On MacOS X (10.7.1), I get to see variable permissions on a symlink:
$ (ls -l xxx.sql; umask 777; ln -s xxx.sql pqr; ls -l xxx.sql pqr)
-rw-r--r-- 1 jleffler staff 1916 Jun 9 17:15 xxx.sql
ls: pqr: Permission denied
l--------- 1 jleffler staff 7 Sep 21 10:18 pqr
-rw-r--r-- 1 jleffler staff 1916 Jun 9 17:15 xxx.sql
$
Note that this is the same command sequence (give or take the file name) linked to.
On MacOS X, the chmod command has an option -h to change the permissions on a symlink itself:
-h If the file is a symbolic link, change the mode of the link itself rather than the file that the link points to.
On MacOS X, the permissions on the symlink matter; you can't read the symlink unless you have read permission on the symlink (or you're root). Hence the error in the ls output above. And readlink failed. Etc.
On MacOS X, chmod -h 100 pqr (execute) allows me to use the link (cat pqr works) but not to read the link. By contrast, chmod -h 400 pqr allows me to both read the link and use the link. And for completeness, chmod -h 200 pqr allows me to use the link but not to read it. I assume, without having formally tested, the similar rules apply to group and other.
On MacOS X, then, it seems that read or write permission on a symlink allows you to use it normally, but execute permission alone means you cannot find where the link points (readlink(2) fails) even though you can access the file (or, presumably, directory) at the other end of the link.
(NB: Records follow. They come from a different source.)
(* Let $E$ be a real Banach space which is uniformly convex with modulus of convexity $\delta_E$. Then for all $\varepsilon,\eta$ with $0<\varepsilon/2<\eta<\varepsilon<2$, $$\frac{\delta_E(\eta)}{\eta}\le \frac{\delta_E(\varepsilon)}{\varepsilon}-2\,\frac{\varepsilon-\eta}{\varepsilon\,\eta}\,\delta_E(r(\varepsilon)),\qquad\text{where } r(\varepsilon)=\frac14\left(\frac{\varepsilon}{2}-\delta_E(\varepsilon)\right).$$
   Context: $B_r(a)=\{x\in E:\|x-a\|\le r\}$. For a closed convex set $A\subset E$ its modulus of convexity is $\delta_A(\varepsilon)=\sup\{\delta\ge 0:\ B_\delta(\frac{x_1+x_2}{2})\subset A \text{ for all } x_1,x_2\in A \text{ with } \|x_1-x_2\|=\varepsilon\}$, $\varepsilon\in[0,\operatorname{diam}A)$. The modulus of convexity of the space is $\delta_E=\delta_{B_1(0)}$, defined on $[0,2)$, and $E$ is uniformly convex if $\delta_E(\varepsilon)>0$ for all $\varepsilon\in(0,2)$. *)

theory Defs
  imports "HOL-Analysis.Analysis"
begin

definition modulus_convexity :: "'a::real_normed_vector set \<Rightarrow> real \<Rightarrow> real" where
  "modulus_convexity A \<epsilon> = Sup {\<delta>. \<delta> \<ge> 0 \<and>
     (\<forall>x1\<in>A. \<forall>x2\<in>A. norm (x1 - x2) = \<epsilon> \<longrightarrow> cball ((1/2) *\<^sub>R (x1 + x2)) \<delta> \<subseteq> A)}"

definition modulus_space :: "'a::real_normed_vector itself \<Rightarrow> real \<Rightarrow> real" where
  "modulus_space _ \<epsilon> = modulus_convexity (cball (0::'a) 1) \<epsilon>"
Conclusion (subject to modification):
On some versions of Linux, you can only get 777 permission on a symlink.
On MacOS X, you can adjust the permissions on a symlink and these affect who can use the symlink.
The MacOS X behaviour is an extension of the behaviour mandated by POSIX - or deviation from the behaviour mandated by POSIX. It complicates life slightly. It means that you have to ensure that anyone who is supposed to use the link has permission to do so. This is normally trivial (umask 022 means that will be the case).
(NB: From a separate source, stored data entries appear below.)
lemma free_space_approx:
  assumes "\<mu> \<in> free_space z" "e > 0"
  obtains n a p where "dnorm_on (lip0 z) (\<lambda>f. \<mu> f - (\<Sum>i<(n::nat). a i * dirac z (p i) f)) < e"
  using assms unfolding free_space_def by blast

lemma free_space_diff:
  assumes \<mu>: "\<mu> \<in> free_space z" and \<nu>: "\<nu> \<in> free_space z"
  shows "(\<lambda>f. \<mu> f - \<nu> f) \<in> free_space z"
  unfolding free_space_def lipdual_def
proof (intro CollectI conjI allI impI)
  show "bdd_lin_on (lip0 z) (\<lambda>f. \<mu> f - \<nu> f)"
    by (rule bdd_lin_on_diff[OF subset_refl free_space_bdd_lin[OF \<mu>] free_space_bdd_lin[OF \<nu>]])
next
  fix f assume "f \<notin> lip0 z"
  then show "\<mu> f - \<nu> f = 0" using free_space_outside_lip0[OF \<mu>] free_space_outside_lip0[OF \<nu>] by simp
next
  fix e :: real assume e: "e > 0"
  obtain m a p where a: "dnorm_on (lip0 z) (\<lambda>f. \<mu> f - (\<Sum>i<(m::nat). a i * dirac z (p i) f)) < e/2"
    using free_space_approx[OF \<mu> half_gt_zero[OF e]] by blast
  obtain n b q where b: "dnorm_on (lip0 z) (\<lambda>f. \<nu> f - (\<Sum>i<(n::nat). b i * dirac z (q i) f)) < e/2"
    using free_space_approx[OF \<nu> half_gt_zero[OF e]] by blast
  define c where "c = (\<lambda>i. if i < m then a i else - b (i - m))"
  define r where "r = (\<lambda>i. if i < m then p i else q (i - m))"
  have "(\<lambda>f. \<mu> f - \<nu> f - (\<Sum>i<m + n. c i * dirac z (r i) f)) =
    (\<lambda>f. (\<mu> f - (\<Sum>i<m. a i * dirac z (p i) f)) - (\<nu> f - (\<Sum>i<n. b i * dirac z (q i) f)))"
    unfolding c_def r_def sum_dirac_append by (simp add: algebra_simps)
  moreover have "dnorm_on (lip0 z)
      (\<lambda>f. (\<mu> f - (\<Sum>i<m. a i * dirac z (p i) f)) - (\<nu> f - (\<Sum>i<n. b i * dirac z (q i) f))) < e"
    using dnorm_on_diff_le[OF subset_refl lip0_zero
        bdd_lin_on_diff[OF subset_refl free_space_bdd_lin[OF \<mu>]
          bdd_lin_on_dirac_sum[where n = m and a = a and p = p]]
        bdd_lin_on_diff[OF subset_refl free_space_bdd_lin[OF \<nu>]
          bdd_lin_on_dirac_sum[where n = n and a = b and p = q]]] a b
    by linarith
  ultimately have "dnorm_on (lip0 z) (\<lambda>f. \<mu> f - \<nu> f - (\<Sum>i<m + n. c i * dirac z (r i) f)) < e"
    by simp
  then show "\<exists>(n::nat) c r. dnorm_on (lip0 z) (\<lambda>f. \<mu> f - \<nu> f - (\<Sum>i<n. c i * dirac z (r i) f)) < e"
    by blast
qed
The underlying system call for chown -h on MacOS X is setattrlist(2).
http://en.wikipedia.org/wiki/Symbolic_link
The file system permissions of a symbolic link usually have relevance
only to rename or removal operations of the link itself, not to the
access modes of the target file which are controlled by the target
file's own permissions.
The permissions for the link are just that. What it points to still has it's own permissions.